The same operation at Medical City Dallas Hospital listed for $137,322. Actual cost was reported as $24,907.

Medicare ignores these list prices and reimburses hospitals on what's supposed to be a cost-plus payment formula that includes regional variations in labor costs and so on. The hospitals say their Medicare reimbursements fall short, and the reported numbers seem to agree. Baylor got an average of $20,976 from Medicare for that coronary bypass – $6,000 less than cost. Medical City got $17,637 – or $7,270 less than cost.

GPA's reimbursement model accepts the hospital's cost numbers as reported to Medicare. In execution, it's closer to the model used by the state of Maryland than to Medicare.

The Maryland way

In Maryland, an independent commission sets hospital reimbursement levels. These are calibrated above cost, including for Maryland Medicare and Medicaid patients. The state makes these numbers available to the public, so consumers can compare prices.

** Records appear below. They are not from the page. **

(* Let $\mathcal A=\{a_1,\dots,a_n\}\subset\mathbb Z^d$ with $n\ge d+2$ and $d$-dimensional convex hull. Let $\Delta_1,\dots,\Delta_p$ ($p\ge1$) be $d$-simplices of $\mathcal A$ which all occur in some (common) regular subdivision of $\mathcal A$, and let $I_k$ be the index set of the vertices of $\Delta_k$, $k=1,\dots,p$. Then the cone $\mathcal C_{\Delta_1,\dots,\Delta_p}$ of all height vectors $h\in\mathbb R^n$ inducing a regular subdivision of $\mathcal A$ containing $\Delta_1,\dots,\Delta_p$ is a nonempty open polyhedral cone defined by the linear inequalities \[ \langle d_{I_k}\cdot m^{I_k}_i,h\rangle>0\quad\text{for all }k=1,\dots,p\text{ and all } i\notin I_k, \] and the vectors $\{d_{I_k}\cdot m^{I_k}_i:\ k=1,\dots,p,\ i\notin I_k\}$ generate the kernel of $A$.
   Context: Let $A\in\mathbb Z^{(d+1)\times n}$ be the matrix whose $j$-th column is $(1,a_j)^t$, and for $h\in\mathbb R^n$ let $A_h$ be $A$ with the extra last row $h$. A $d$-simplex of $\mathcal A$ is a subset of $d+1$ affinely independent points. For an index set $I=\{i_1<\dots<i_{d+1}\}$ of a $d$-simplex, $d_I$ is the determinant of the columns of $A$ indexed by $I$; for $i\notin I$, $d_{I\cup\{i\}}(h)$ is the determinant of the columns of $A_h$ indexed by $I\cup\{i\}$ times the sign of the permutation sending the increasingly ordered $I\cup\{i\}$ to $(i_1,\dots,i_{d+1},i)$, and $m^I_i\in\mathbb R^n$ is the vector with $d_{I\cup\{i\}}(h)=\langle m^I_i,h\rangle$ for all $h$. Regular subdivisions: for $h\in\mathbb R^n$, lift $a_j$ to $(a_j,h_j)$; lower faces of the convex hull of the lifted points are faces with an inner normal having positive last coordinate; each lower face $F$ gives the cell $\{a_j:(a_j,h_j)\in F\}$, and the collection of cells is the regular subdivision induced by $h$. A simplex occurs in / is contained in a subdivision if it is one of its cells. *)

theory Defs
  imports Complex_Main "Jordan_Normal_Form.Determinant"
begin

(* Conventions: the points a_1..a_n are indexed 0..n-1; a point a j :: nat => int
   has coordinates a j 0, ..., a j (d-1) (values at r >= d are irrelevant).
   Vectors of R^n are functions nat => real considered on {0..<n}. *)

definition Amat :: "(nat \<Rightarrow> nat \<Rightarrow> int) \<Rightarrow> nat \<Rightarrow> nat \<Rightarrow> real" where
  "Amat a r j = (if r = 0 then 1 else real_of_int (a j (r - 1)))"

definition Ahmat :: "(nat \<Rightarrow> nat \<Rightarrow> int) \<Rightarrow> nat \<Rightarrow> (nat \<Rightarrow> real) \<Rightarrow> nat \<Rightarrow> nat \<Rightarrow> real" where
  "Ahmat a d h r j = (if r \<le> d then Amat a r j else h j)"

definition aff_indep :: "(nat \<Rightarrow> nat \<Rightarrow> int) \<Rightarrow> nat \<Rightarrow> nat set \<Rightarrow> bool" where
  "aff_indep a d I \<longleftrightarrow>
     (\<forall>c :: nat \<Rightarrow> real. (\<Sum>i\<in>I. c i) = 0 \<and> (\<forall>r<d. (\<Sum>i\<in>I. c i * real_of_int (a i r)) = 0)
        \<longrightarrow> (\<forall>i\<in>I. c i = 0))"

definition is_simplex :: "(nat \<Rightarrow> nat \<Rightarrow> int) \<Rightarrow> nat \<Rightarrow> nat \<Rightarrow> nat set \<Rightarrow> bool" where
  "is_simplex a n d I \<longleftrightarrow> I \<subseteq> {0..<n} \<and> card I = d + 1 \<and> aff_indep a d I"

definition full_dim :: "(nat \<Rightarrow> nat \<Rightarrow> int) \<Rightarrow> nat \<Rightarrow> nat \<Rightarrow> bool" where
  "full_dim a n d \<longleftrightarrow> (\<exists>I. is_simplex a n d I)"

definition dI :: "(nat \<Rightarrow> nat \<Rightarrow> int) \<Rightarrow> nat \<Rightarrow> nat set \<Rightarrow> real" where
  "dI a d I = det (mat (d + 1) (d + 1)
      (\<lambda>(r, c). Amat a r (sorted_list_of_set I ! c)))"

text \<open>d_{I \<union> {i}}(h): determinant of the columns of A_h taken in the order
  (i_1, ..., i_{d+1}, i); this equals the determinant with increasingly ordered
  columns times the sign of the permutation sorting -> (i_1,...,i_{d+1},i).\<close>
definition dIi :: "(nat \<Rightarrow> nat \<Rightarrow> int) \<Rightarrow> nat \<Rightarrow> nat set \<Rightarrow> nat \<Rightarrow> (nat \<Rightarrow> real) \<Rightarrow> real" where
  "dIi a d I i h = det (mat (d + 2) (d + 2)
      (\<lambda>(r, c). Ahmat a d h r ((sorted_list_of_set I @ [i]) ! c)))"

definition ip :: "nat \<Rightarrow> (nat \<Rightarrow> real) \<Rightarrow> (nat \<Rightarrow> real) \<Rightarrow> real" where
  "ip n x y = (\<Sum>j<n. x j * y j)"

Maryland's approach gives the hospitals relief from low Medicare and Medicaid reimbursements. But it does away with that "discount-from-charges" method used in negotiations between hospitals and private insurers.

Cost-plus isn't an ideal solution, either. It treats costs as a permanent price floor and ignores the possibility that medical technology could finally increase productivity and lower the costs of treatment.

If you have health insurance, a contrarian formula for reimbursements won't change things for you unless your insurer is willing to try it. But if you don't have insurance, arming yourself with some of the cost information at your local hospital could be important.

You can get some of this information on Medicare's HospitalCompare.hhs.gov Web site or at American Hospital Directory's site (www.ahd.com).

Drilling down to the cost of a procedure will be tougher without a subscription to a data-mining company. If you can get the information, though, you might be able to negotiate a better outcome on your hospital bill.